2023-01-11
Today I had one of those, aha! moments with Pandas which has made my life a lot simpler.
Here’s the story.
I have an excel file which contains a list of discount codes, some have been used, and some have not. I need to go through the list of codes and find out the following:
- Have we assigned a code to anyone who has now left the business?
To find out who the ‘leavers’ were, I passed a list of employees and a list of used codes to a function and then iterated over the list of codes, putting any employee who is not in the used code list into a levers list
def FindLeaversWithCodes(people, used_codes) :
#Find people we've sent a code to who are no longer in the HC Report
_leavers = []
#Get the Employee IDs of all the people we've sent codes to.
_people = used_codes['personNumber'].tolist()
#loop through each employee id
for person in _people:
#if this employee id is in teh current HC report then save as Current Employee
if person not in people['Person Number'].values: #if this employee id is NOT in the current HC report then save as Leaver
_leavers.append(person)
return _leavers
However, because I move things from a Dataframe to a list, I then had to filter the original Dataframe by the list of employee numbers, _leavers
in the list to generate a new XSLX file in the original format. Incredibly inefficient.
try:
#Filter the used codes list to show the leavers
df = used[used['personNumber'].isin(Leavers)]
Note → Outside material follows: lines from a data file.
lemma Wtrunc_arc_gain:
  fixes m :: nat
  assumes \<gamma>: "\<gamma> \<ge> 0" and e: "e1 \<ge> e2" "e2 \<ge> 0"
    and diag: "W i i \<ge> max (W i j - e1) (- e2)"
    and feas: "feasible n F q" and ij: "i < n" "j < n"
  defines "gain \<equiv> (Wtrunc m \<gamma> e1 e2 W i i - \<gamma> * q i i) - (Wtrunc m \<gamma> e1 e2 W i j - \<gamma> * q i j)"
  shows "gain \<ge> - (e1 + \<gamma>)"
    and "Wtrunc m \<gamma> e1 e2 W i j \<noteq> W i j \<Longrightarrow> gain \<ge> real m * (e1 + 2 * \<gamma>) - \<gamma>"
proof -
  have "q i i \<le> 1" "q i j \<ge> 0"
    using feasible_le_one[OF feas ij(1,1)] feas ij unfolding feasible_def by auto
  then have mass: "\<gamma> * q i i \<le> \<gamma>" "\<gamma> * q i j \<ge> 0"
    using \<gamma> by (simp_all add: mult_left_le)
  have "real m * (e1 + 2 * \<gamma>) \<ge> 0"
    using \<gamma> e by simp
  then have diag_kept: "Wtrunc m \<gamma> e1 e2 W i i = W i i"
    and off_diag: "Wtrunc m \<gamma> e1 e2 W i j \<le> W i i + e1"
    using diag e unfolding Wtrunc_eq_max by auto
  show "gain \<ge> - (e1 + \<gamma>)"
    using diag_kept off_diag mass unfolding gain_def by linarith
  assume "Wtrunc m \<gamma> e1 e2 W i j \<noteq> W i j"
  then have "Wtrunc m \<gamma> e1 e2 W i j = - real m * (e1 + 2 * \<gamma>) - e2"
    unfolding Wtrunc_eq_max by (auto simp: max_def split: if_split_asm)
  then show "gain \<ge> real m * (e1 + 2 * \<gamma>) - \<gamma>"
    using diag_kept diag mass unfolding gain_def by simp
qed
lemma ultimately_periodic_run_loop:
  assumes "finite (range (drun \<delta> q \<alpha>))" "ultimately_periodic \<alpha>"
  obtains n x where "x \<noteq> []" "suffix n \<alpha> = x\<^sup>\<omega>"
    "dstep_star \<delta> (drun \<delta> q \<alpha> n) x = drun \<delta> q \<alpha> n"
proof -
  obtain u v where v: "v \<noteq> []" and \<alpha>: "\<alpha> = u \<frown> v\<^sup>\<omega>"
    using assms(2) unfolding ultimately_periodic_def by blast
  \<comment> \<open>at the positions \<open>length u + k * length v\<close> the remaining input is always \<open>v\<^sup>\<omega>\<close>\<close>
  define g where "g k = drun \<delta> q \<alpha> (length u + k * length v)" for k
  have "\<not> inj g"
  proof
    assume "inj g"
    moreover have "finite (range g)"
      using assms(1) by (rule finite_subset[rotated]) (auto simp: g_def)
    ultimately show False
      using finite_imageD by blast
  qed
  then obtain a b where ab: "a < b" "g a = g b"
    unfolding inj_def by (metis linorder_neqE_nat)
  define n where "n = length u + a * length v"
  define x where "x = prefix ((b - a) * length v) (v\<^sup>\<omega>)"
  have suffix_n: "suffix n \<alpha> = v\<^sup>\<omega>"
    using v by (simp add: n_def \<alpha> suffix_iter_mult)
  have "a * length v \<le> b * length v"
    using ab(1) by simp
  then have "drun \<delta> q \<alpha> (n + (b - a) * length v) = drun \<delta> q \<alpha> n"
    using ab(2) by (simp add: g_def n_def diff_mult_distrib)
  moreover have "drun \<delta> q \<alpha> (n + (b - a) * length v) = dstep_star \<delta> (drun \<delta> q \<alpha> n) x"
    unfolding drun_suffix suffix_n by (simp add: drun_def x_def)
  ultimately have loop: "dstep_star \<delta> (drun \<delta> q \<alpha> n) x = drun \<delta> q \<alpha> n"
    by simp
  have "x \<noteq> []"
    using v ab(1) by (simp add: x_def flip: length_greater_0_conv)
  moreover have "suffix n \<alpha> = x\<^sup>\<omega>"
    using v ab(1) unfolding x_def suffix_n by (simp add: iter_prefix_iter_mult)
  ultimately show ?thesis
    using loop by (rule that)
qed

lemma same_scc_sym: "same_scc S E f p q \<Longrightarrow> same_scc S E f q p"
  unfolding same_scc_def by blast

lemma same_scc_trans: "same_scc S E f p q \<Longrightarrow> same_scc S E f q r \<Longrightarrow> same_scc S E f p r"
  unfolding same_scc_def by (metis dstep_star_append)

locale reduced_closed_table =
  fixes U D :: "'a word set" and S :: "'a list set" and E :: "'a word set"
    and f :: "'a list \<Rightarrow> 'a word \<Rightarrow> bool"
  assumes table: "obs_table U D S E f"
    and table_reduced: "reduced S E f"
    and table_closed: "closed S E f"
begin
(* Sorted and semi-sorted $n$-tape asynchronous automata over a finite alphabet $A$ accept the same class of languages: a language $L\subseteq(A^\ast)^n$ is accepted by some $n$-tape sorted asynchronous automaton if and only if it is accepted by some $n$-tape semi-sorted asynchronous automaton.
   Context: $A^\ast$ is the set of finite words over $A$, $[n]=\{1,\ldots,n\}$, $\$$ is a new symbol, $w\$$ is $w$ followed by $\$$. A shuffle of $(w_1,\ldots,w_n)$ is an ordering of all letters of the $w_i$ respecting the order within each $w_i$. A partial deterministic finite state automaton has a unique start state, no $\epsilon$-transitions and at most one outgoing transition per state and letter. An $n$-tape semi-sorted asynchronous automaton over $A$ is a partial deterministic finite state automaton over $A\sqcup\{\$\}$ with a partition of its state set into $n$ sets $S_1,\ldots,S_n$; it accepts $(w_1,\ldots,w_n)$ iff some shuffle of $(w_1\$,\ldots,w_n\$)$ is read along a path from the start state to an accept state in which each letter coming from $w_i\$$ is read while in a state of $S_i$. An $n$-tape sorted asynchronous automaton over $A$ is a partial deterministic finite state automaton over $A\sqcup\{\$\}$ with a partition of its state set into subsets $S_i^V$, for $V$ a proper subset of $[n]$ and $i\in[n]\setminus V$, and a final subset $S_f^{[n]}$, such that: the start state lies in $S_i^{\emptyset}$ for some $i$; an arrow is labelled $\$$ iff it goes from a state in some $S_i^V$ to a state in $S_j^U$ with $j\neq i$ and $U=V\cup\{i\}$ (or, when $V\cup\{i\}=[n]$, to $S_f^{[n]}$); arrows not labelled $\$$ starting in $S_i^V$ end in $S_j^V$ for some $j\notin V$; $S_f^{[n]}$ consists of exactly one state, which is the unique accept state; no arrows start in $S_f^{[n]}$. It accepts $(w_1,\ldots,w_n)$ iff some shuffle of $(w_1\$,\ldots,w_n\$)$ is read along a path from the start state to the accept state in which each letter coming from $w_i\$$ is read while in a state of some $S_i^V$. *)

theory Defs
  imports Main
begin

text \<open>Letters of the automaton alphabet A + {$}: Some a is the letter a, None is the
end marker $. States are natural numbers (any finite state set embeds in nat).
Tapes are indexed 0..n-1 instead of 1..n.\<close>

record 'a aut =
  states :: "nat set"
  start  :: nat
  delta  :: "nat \<Rightarrow> 'a option \<Rightarrow> nat option"
  final  :: "nat set"

definition pdfa :: "'a set \<Rightarrow> 'a aut \<Rightarrow> bool" where
  "pdfa A M \<longleftrightarrow> finite (states M) \<and> start M \<in> states M \<and> final M \<subseteq> states M
     \<and> (\<forall>q\<in>states M. \<forall>c q'. delta M q c = Some q' \<longrightarrow> q' \<in> states M)
     \<and> (\<forall>q a. a \<notin> A \<longrightarrow> delta M q (Some a) = None)"

text \<open>acc M tp q ws: starting in state q with remaining tape contents ws (the
remaining suffixes of the words w_i$), the automaton can read a shuffle of ws and
end in an accept state, where each letter is read from tape tp q of the current
state q.\<close>
inductive acc :: "'a aut \<Rightarrow> (nat \<Rightarrow> nat) \<Rightarrow> nat \<Rightarrow> 'a option list list \<Rightarrow> bool"
  for M tp where
  acc_done: "q \<in> final M \<Longrightarrow> \<forall>w\<in>set ws. w = [] \<Longrightarrow> acc M tp q ws"
| acc_step: "tp q < length ws \<Longrightarrow> ws ! (tp q) = c # r \<Longrightarrow> delta M q c = Some q'
         \<Longrightarrow> acc M tp q' (ws[tp q := r]) \<Longrightarrow> acc M tp q ws"

definition dollar :: "'a list \<Rightarrow> 'a option list" where
  "dollar w = map Some w @ [None]"

definition lang :: "'a set \<Rightarrow> nat \<Rightarrow> 'a aut \<Rightarrow> (nat \<Rightarrow> nat) \<Rightarrow> 'a list list set" where
  "lang A n M tp = {ws. length ws = n \<and> (\<forall>w\<in>set ws. set w \<subseteq> A)
                        \<and> acc M tp (start M) (map dollar ws)}"

text \<open>Semi-sorted: partition of states into S_1..S_n given by tp (q \<in> S_(tp q)).\<close>
definition semi_sorted :: "'a set \<Rightarrow> nat \<Rightarrow> 'a aut \<Rightarrow> (nat \<Rightarrow> nat) \<Rightarrow> bool" where
  "semi_sorted A n M tp \<longleftrightarrow> pdfa A M \<and> (\<forall>q\<in>states M. tp q < n)"

text \<open>Sorted: lab q = Some (i, V) means q \<in> S_i^V; lab q = None means q \<in> S_f^[n].\<close>
definition sorted_aut :: "'a set \<Rightarrow> nat \<Rightarrow> 'a aut \<Rightarrow> (nat \<Rightarrow> (nat \<times> nat set) option) \<Rightarrow> bool" where
  "sorted_aut A n M lab \<longleftrightarrow> pdfa A M
     \<and> (\<forall>q\<in>states M. lab q = None \<or>
          (\<exists>i V. lab q = Some (i, V) \<and> V \<subset> {..<n} \<and> i < n \<and> i \<notin> V))
     \<and> (\<exists>i. lab (start M) = Some (i, {}))
     \<and> (\<exists>qf\<in>states M. final M = {qf} \<and> (\<forall>q\<in>states M. lab q = None \<longleftrightarrow> q = qf)
          \<and> (\<forall>c. delta M qf c = None))
     \<and> (\<forall>q\<in>states M. \<forall>i V. lab q = Some (i, V) \<longrightarrow>
          (\<forall>q'. delta M q None = Some q' \<longrightarrow>
             (\<exists>j. j \<noteq> i \<and> lab q' = Some (j, insert i V))
             \<or> (insert i V = {..<n} \<and> lab q' = None))
        \<and> (\<forall>a q'. delta M q (Some a) = Some q' \<longrightarrow> (\<exists>j. j \<notin> V \<and> lab q' = Some (j, V))))"

definition sorted_tape :: "(nat \<Rightarrow> (nat \<times> nat set) option) \<Rightarrow> nat \<Rightarrow> nat" where
  "sorted_tape lab q = (case lab q of Some (i, V) \<Rightarrow> i | None \<Rightarrow> 0)"

end

theory Submission
  imports Defs "HOL-Library.Nat_Bijection"
begin

text \<open>A sorted automaton is in particular semi-sorted, for the tape assignment read off its
labels. Conversely, a semi-sorted automaton M is sorted by remembering in its states the set V of
tapes whose end marker has already been read: the new states are the pairs (q, V) with
tp q \<notin> V, plus one accept state, entered when the last end marker is read in a transition
to an accept state of M. Along a run of M on the words w_i$, the set V is exactly the set of
exhausted tapes, so the pruned transitions are those that no accepting run of M can take.\<close>

lemma sorted_aut_imp_semi_sorted:
  assumes "sorted_aut A n M lab"
  shows "semi_sorted A n M (sorted_tape lab)"
proof -
  have pdfa: "pdfa A M"
    and labels: "\<forall>q\<in>states M. lab q = None \<or>
          (\<exists>i V. lab q = Some (i, V) \<and> V \<subset> {..<n} \<and> i < n \<and> i \<notin> V)"
    and start: "\<exists>i. lab (start M) = Some (i, {})"
    using assms unfolding sorted_aut_def by blast+
  obtain i where "lab (start M) = Some (i, {})" using start by blast
  moreover have "start M \<in> states M" using pdfa unfolding pdfa_def by blast
  ultimately have "0 < n" using labels by force
  then have "sorted_tape lab q < n" if "q \<in> states M" for q
    using labels that unfolding sorted_tape_def by (auto split: option.splits)
  with pdfa show ?thesis unfolding semi_sorted_def by blast
qed
(* Consider the single-element, single-slab periodic space-time SBP scheme $$\mathsf D_t\boldsymbol\rho+\tilde{\mathsf D}_x\langle v\boldsymbol g\rangle=-\sigma_a\boldsymbol\rho-\mathsf H_t^{-1}\mathsf t_B\mathsf t_B^\top(\boldsymbol\rho-\boldsymbol\rho(0)),$$ $$\mathsf D_t\boldsymbol g_k+\tfrac{v_k}{\varepsilon}\tilde{\mathsf D}_x\boldsymbol g_k-\tfrac1\varepsilon\langle v\tilde{\mathsf D}_x\boldsymbol g\rangle+\tfrac{v_k}{\varepsilon^2}\tilde{\mathsf D}_x\boldsymbol\rho=-\Big(\tfrac{\sigma_s}{\varepsilon^2}+\sigma_a\Big)\boldsymbol g_k-\mathsf H_t^{-1}\mathsf t_B\mathsf t_B^\top(\boldsymbol g_k-\boldsymbol g_k(0)),\quad k=1,\dots,n_v.$$ This scheme is asymptotic preserving: for fixed discretization, in the formal limit $\varepsilon\to0$ (assuming the discrete derivative approximations remain bounded) it reduces to $$\mathsf D_t\boldsymbol\rho=\tilde{\mathsf D}_x\Big(\tfrac{\langle v^2\rangle}{\sigma_s}\tilde{\mathsf D}_x\boldsymbol\rho\Big)-\sigma_a\boldsymbol\rho-\mathsf H_t^{-1}\mathsf t_B\mathsf t_B^\top(\boldsymbol\rho-\boldsymbol\rho(0)),$$ which is a consistent and stable discretization of the limit equation $\partial_t\rho=\langle v^2\rangle\partial_x\big(\tfrac1{\sigma_s}\partial_x\rho\big)-\sigma_a\rho$.
   Context: SBP operators: $\bar{\mathsf D}=\bar{\mathsf H}^{-1}\bar{\mathsf Q}$ on nodes $x_0<\dots<x_n$ is a degree-$p$ SBP approximation of $d/dx$ if it differentiates monomials of degree $\le p$ exactly, $\bar{\mathsf H}$ is diagonal symmetric positive definite, and $\bar{\mathsf Q}+\bar{\mathsf Q}^\top=\mathrm{diag}(-1,0,\dots,0,1)=\bar{\boldsymbol t}_R\bar{\boldsymbol t}_R^\top-\bar{\boldsymbol t}_L\bar{\boldsymbol t}_L^\top$ with $\bar{\boldsymbol t}_L,\bar{\boldsymbol t}_R$ the first/last unit vectors. Spatial SBP operator $\bar{\mathsf D}_x=\bar{\mathsf H}_x^{-1}\bar{\mathsf Q}_x$ ($n_x+1$ nodes), temporal $\bar{\mathsf D}_t=\bar{\mathsf H}_t^{-1}\bar{\mathsf Q}_t$ ($n_t+1$ nodes) with first/last unit vectors $\bar{\boldsymbol t}_B,\bar{\boldsymbol t}_T$. $\mathsf D_t=\bar{\mathsf D}_t\otimes\mathsf I_{n_x}$, $\mathsf D_x=\mathsf I_{n_t}\otimes\bar{\mathsf D}_x$, $\mathsf H_t=\bar{\mathsf H}_t\otimes\mathsf I_{n_x}$, $\mathsf H_x=\mathsf I_{n_t}\otimes\bar{\mathsf H}_x$, $\mathsf t_{R/L}=\mathsf I_{n_t}\otimes\bar{\boldsymbol t}_{R/L}$, $\mathsf t_B=\bar{\boldsymbol t}_B\otimes\mathsf I_{n_x}$, where $\mathsf I_{n_x},\mathsf I_{n_t}$ are identities of sizes $n_x+1,n_t+1$. $\tilde{\mathsf D}_x=\mathsf D_x-\frac12\mathsf H_x^{-1}\big(\mathsf t_R(\mathsf t_R^\top-\mathsf t_L^\top)-\mathsf t_L(\mathsf t_L^\top-\mathsf t_R^\top)\big)$. Velocity nodes $v_k$, weights $\omega_k$ with $\sum\omega_k=1$, $\sum\omega_kv_k=0$; $\langle\boldsymbol a\rangle=\sum_k\omega_k\boldsymbol a_k$, $\langle v^2\rangle=\sum_k\omega_kv_k^2$. $\varepsilon>0$, $\sigma_s>0$, $\sigma_a\ge0$. A scheme is called asymptotic preserving if, for fixed discretization parameters, in the limit $\varepsilon\to0$ it becomes a consistent (and stable) discretization of the macroscopic limit equation. Stability of the limit scheme means the discrete energy $\frac12\boldsymbol\rho^\top(\bar{\boldsymbol t}_T\bar{\boldsymbol t}_T^\top\otimes\bar{\mathsf H}_x)\boldsymbol\rho$ at the final time is bounded by initial-data terms. *)

theory Defs
  imports "HOL-Analysis.Analysis"
begin
lemma card_supersets_in_level:
  assumes "X \<in> level n j"
  shows "card {Y \<in> level n (j + s). X \<subseteq> Y} = (n - j) choose s"
proof -
  have X: "X \<subseteq> {..<n}" "card X = j" "finite X"
    using assms unfolding level_def cube_def by (auto intro: finite_subset)
  have "{Y \<in> level n (j + s). X \<subseteq> Y} = (\<lambda>Z. X \<union> Z) ` {Z. Z \<subseteq> {..<n} - X \<and> card Z = s}"
  proof (intro set_eqI iffI)
    fix Y
    assume "Y \<in> {Y \<in> level n (j + s). X \<subseteq> Y}"
    then have "Y \<subseteq> {..<n}" "card Y = j + s" "X \<subseteq> Y" "finite Y"
      unfolding level_def cube_def by (auto intro: finite_subset)
    then have "Y - X \<subseteq> {..<n} - X" "card (Y - X) = s" "Y = X \<union> (Y - X)"
      using X by (auto simp: card_Diff_subset)
    then show "Y \<in> (\<lambda>Z. X \<union> Z) ` {Z. Z \<subseteq> {..<n} - X \<and> card Z = s}"
      by blast
  next
    fix Y
    assume "Y \<in> (\<lambda>Z. X \<union> Z) ` {Z. Z \<subseteq> {..<n} - X \<and> card Z = s}"
    then obtain Z where Z: "Z \<subseteq> {..<n} - X" "card Z = s" "Y = X \<union> Z"
      by blast
    moreover have "finite Z" "X \<inter> Z = {}"
      using Z(1) finite_subset by auto
    ultimately have "card Y = j + s"
      using X by (simp add: card_Un_disjoint)
    then show "Y \<in> {Y \<in> level n (j + s). X \<subseteq> Y}"
      using Z X unfolding level_def cube_def by auto
  qed
  moreover have "inj_on (\<lambda>Z. X \<union> Z) {Z. Z \<subseteq> {..<n} - X \<and> card Z = s}"
    by (rule inj_onI) blast
  moreover have "card {Z. Z \<subseteq> {..<n} - X \<and> card Z = s} = (n - j) choose s"
    using n_subsets[of "{..<n} - X" s] X by (simp add: card_Diff_subset)
  ultimately show ?thesis
    by (simp add: card_image)
qed

lemma card_subsets_in_level:
  assumes "Y \<in> level n (j + s)"
  shows "card {X \<in> level n j. X \<subseteq> Y} = (j + s) choose j"
proof -
  have Y: "Y \<subseteq> {..<n}" "card Y = j + s" "finite Y"
    using assms unfolding level_def cube_def by (auto intro: finite_subset)
  then have "{X \<in> level n j. X \<subseteq> Y} = {X. X \<subseteq> Y \<and> card X = j}"
    unfolding level_def cube_def by auto
  then show ?thesis
    using n_subsets[of Y j] Y by simp
qed

lemma sum_superset_pairs_fst:
  "(\<Sum>X\<in>level n j. \<Sum>Y\<in>{Y \<in> level n (j + s). X \<subseteq> Y}. h X)
    = real ((n - j) choose s) * (\<Sum>X\<in>level n j. h X)"
  by (simp add: card_supersets_in_level sum_distrib_left)

lemma sum_superset_pairs_snd:
  "(\<Sum>X\<in>level n j. \<Sum>Y\<in>{Y \<in> level n (j + s). X \<subseteq> Y}. h Y)
    = real ((j + s) choose j) * (\<Sum>Y\<in>level n (j + s). h Y)"
proof -
  have "(\<Sum>X\<in>level n j. \<Sum>Y\<in>{Y \<in> level n (j + s). X \<subseteq> Y}. h Y)
      = (\<Sum>Y\<in>level n (j + s). \<Sum>X\<in>{X \<in> level n j. X \<subseteq> Y}. h Y)"
    by (rule sum.swap_restrict) (auto simp: finite_level)
  then show ?thesis
    by (simp add: card_subsets_in_level sum_distrib_left)
qed
lemma cpoly_cyclotomic_5pow:
  assumes "k \<ge> 1"
  shows "cpoly (cyclotomic_5pow k) z = (\<Prod>w\<in>prim_roots_5pow k. z - w)"
proof -
  have "prim_roots_5pow k = {w. w ^ (5 ^ (k - 1) * 5) = 1 \<and> w ^ 5 ^ (k - 1) \<noteq> 1}"
    using assms by (cases k) (auto simp: prim_roots_5pow_def mult.commute)
  then have "(\<Prod>w\<in>prim_roots_5pow k. [:-w, 1:]) = (\<Sum>i<5. monom 1 (5 ^ (k - 1) * i))"
    by (simp add: prod_primitive_roots_unity)
  from arg_cong[where f = "\<lambda>p. poly p z", OF this] show ?thesis
    by (simp add: cyclotomic_5pow_def poly_prod poly_sum poly_monom)
qed

lemma cpoly_cyclotomic_5pow_eq_0:
  "k \<ge> 1 \<Longrightarrow> z \<in> prim_roots_5pow k \<Longrightarrow> cpoly (cyclotomic_5pow k) z = 0"
  by (simp add: cpoly_cyclotomic_5pow)

lemma poly_cyclotomic_5pow_1: "poly (cyclotomic_5pow k) 1 = 5"
  by (simp add: cyclotomic_5pow_def poly_sum poly_monom)

lemma Nk_eq_5_mult:
  assumes "k \<ge> 1" and "\<And>z. z \<in> prim_roots_5pow k \<Longrightarrow> cpoly F z = (1 - z) * cpoly G z"
  shows "Nk k F = 5 * Nk k G"
proof -
  have "(\<Prod>z\<in>prim_roots_5pow k. 1 - z) = cpoly (cyclotomic_5pow k) 1"
    using assms(1) by (simp add: cpoly_cyclotomic_5pow)
  also have "\<dots> = 5"
    by (simp add: cpoly_at_1 poly_cyclotomic_5pow_1)
  finally show ?thesis
    using assms by (simp add: Nk_eq_prod_prim_roots prod.distrib)
qed

lemma Nk_eq_5:
  assumes "k \<ge> 1" and "\<And>z. z \<in> prim_roots_5pow k \<Longrightarrow> cpoly F z = 1 - z"
  shows "Nk k F = 5"
  using Nk_eq_5_mult[of k F 1] assms by (simp add: Nk_def)

lemma Nk_pcompose_power_X:
  assumes "k \<ge> 1" and "coprime c 5"
  shows "Nk k (pcompose G ([:0, 1:] ^ c)) = Nk k G"
proof -
  have "bij_betw (\<lambda>z. z ^ c) (prim_roots_5pow k) (prim_roots_5pow k)"
    unfolding prim_roots_5pow_def using assms(2) by (intro bij_betw_power_coprime) simp
  from prod.reindex_bij_betw[OF this] assms(1) show ?thesis
    by (simp add: Nk_eq_prod_prim_roots)
qed

lemma pcompose_power_left: "pcompose (p ^ n) q = pcompose p q ^ n"
  for p q :: "'a::comm_semiring_1 poly"
  by (induction n) (simp_all add: pcompose_1 pcompose_mult)
text \<open>Each zero \<open>j\<close> of the block gets its own modulus \<open>b (idx j) > n - m\<close>, made to divide
  \<open>j + c\<close>; being larger than the block it divides no other \<open>j' + c\<close>. The moduli below \<open>K\<close> are
  made to miss the ones of the block through the class \<open>a i\<close> avoided by \<open>x\<close>.\<close>
lemma admissible_block_congruences:
  fixes b :: "nat \<Rightarrow> nat" and x :: "int \<Rightarrow> bool" and a :: "nat \<Rightarrow> int"
  assumes b_ge: "\<And>i. 2 \<le> b i" and b_coprime: "\<And>i j. i \<noteq> j \<Longrightarrow> coprime (b i) (b j)"
    and adm: "\<And>i j. x j \<Longrightarrow> \<not> int (b i) dvd j - a i"
  obtains Q A c where "0 < Q" "\<And>i. i \<notin> A \<Longrightarrow> K \<le> i" "\<And>i. i \<notin> A \<Longrightarrow> coprime (int (b i)) Q"
    "\<And>j. m \<le> j \<Longrightarrow> 0 < j + c"
    "\<And>j t. j \<in> {m..n} \<Longrightarrow> \<not> x j \<Longrightarrow> \<exists>i. int (b i) dvd j + (c + Q * t)"
    "\<And>j t i. j \<in> {m..n} \<Longrightarrow> x j \<Longrightarrow> i \<in> A \<Longrightarrow> \<not> int (b i) dvd j + (c + Q * t)"
proof -
  have b_pos: "0 < b i" for i using b_ge[of i] by linarith
  define Z where "Z = {j\<in>{m..n}. \<not> x j}"
  have Z_finite: "finite Z" by (auto simp: Z_def intro: finite_subset[of _ "{m..n}"])
  obtain idx where idx: "inj_on idx Z" "\<And>j. j \<in> Z \<Longrightarrow> K \<le> idx j \<and> nat (n - m) < b (idx j)"
    using finite_bounded_coprime_moduli[OF b_ge b_coprime] Z_finite that by (rule obtain_inj_large_moduli)
  define A where "A = {..<K} \<union> idx ` Z"
  define u where "u i = (if i < K then - a i else - the_inv_into Z idx i)" for i
  define Q where "Q = (\<Prod>i\<in>A. int (b i))"
  obtain c where c: "1 - m \<le> c" and c_cong: "\<And>i t. i \<in> A \<Longrightarrow> int (b i) dvd c + Q * t - u i"
    using chinese_remainder_progression_int[of A "\<lambda>i. int (b i)" "1 - m" u] Z_finite b_coprime b_pos
    unfolding Q_def A_def by auto
  have zero: "int (b (idx j)) dvd j + (c + Q * t)" if "j \<in> Z" for j t
    using c_cong[of "idx j" t] that idx(1) idx(2)[OF that]
    by (simp add: A_def u_def the_inv_into_f_f add.commute)
  have one: "\<not> int (b i) dvd j + (c + Q * t)" if j: "j \<in> {m..n}" "x j" and i: "i \<in> A" for i j t
  proof
    assume dvd: "int (b i) dvd j + (c + Q * t)"
    consider "i < K" | j' where "j' \<in> Z" "i = idx j'"
      using i by (auto simp: A_def)
    then show False
    proof cases
      case 1
      then have "int (b i) dvd (c + Q * t) + a i" using c_cong[of i t] by (simp add: A_def u_def)
      then have "int (b i) dvd j - a i" using dvd_diff[OF dvd] by fastforce
      then show False using adm j(2) by blast
    next
      case 2
      then have "int (b i) dvd (j + (c + Q * t)) - (j' + (c + Q * t))"
        using dvd zero[OF 2(1)] by (intro dvd_diff) simp_all
      then have "int (b i) dvd j - j'" by simp
      moreover have "j \<noteq> j'" "\<bar>j - j'\<bar> \<le> n - m" using j 2(1) by (auto simp: Z_def)
      ultimately have "int (b i) \<le> n - m" using dvd_imp_le_int[of "j - j'"] by fastforce
      then show False using idx(2)[OF 2(1)] 2(2) by (auto simp: le_nat_iff)
    qed
  qed
  show ?thesis
  proof (rule that)
    show "0 < Q" unfolding Q_def using b_pos by (simp add: prod_pos)
    show "K \<le> i" "coprime (int (b i)) Q" if "i \<notin> A" for i
      using that unfolding Q_def A_def by (auto intro!: prod_coprime_right b_coprime)
    show "0 < j + c" if "m \<le> j" for j using c that by linarith
    show "\<exists>i. int (b i) dvd j + (c + Q * t)" if "j \<in> {m..n}" "\<not> x j" for j t
      using zero[of j t] that by (auto simp: Z_def)
  qed (rule one)
qed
df.to_excel('../leavers.xlsx', index=False)
except Exception as error:
print(error)
That first line of code df = used[used['personNumber'].isin(Leavers)]
should have given me a clue as to what the FindLeaversWithCodes
function should actually be doing.
Rather than convert to a list and use a for…in loop, I should have simply filtered the Dataframe to get the records I need.
Now the code is much simpler
def LeaversWithCodes(people, used_codes) :
#This person has been assigned a code
#This person is not an employee
return used_codes[~used_codes["personNumber"].isin(people["Person Number"].values.tolist())]
the ~
character before the used_codes["personNumber"]
is a ‘not’ symbol. I’m doing the same as before but this time filtering the original Dataframe where the personNumber is not in the People Dataframe.
Wordle: 570 4/6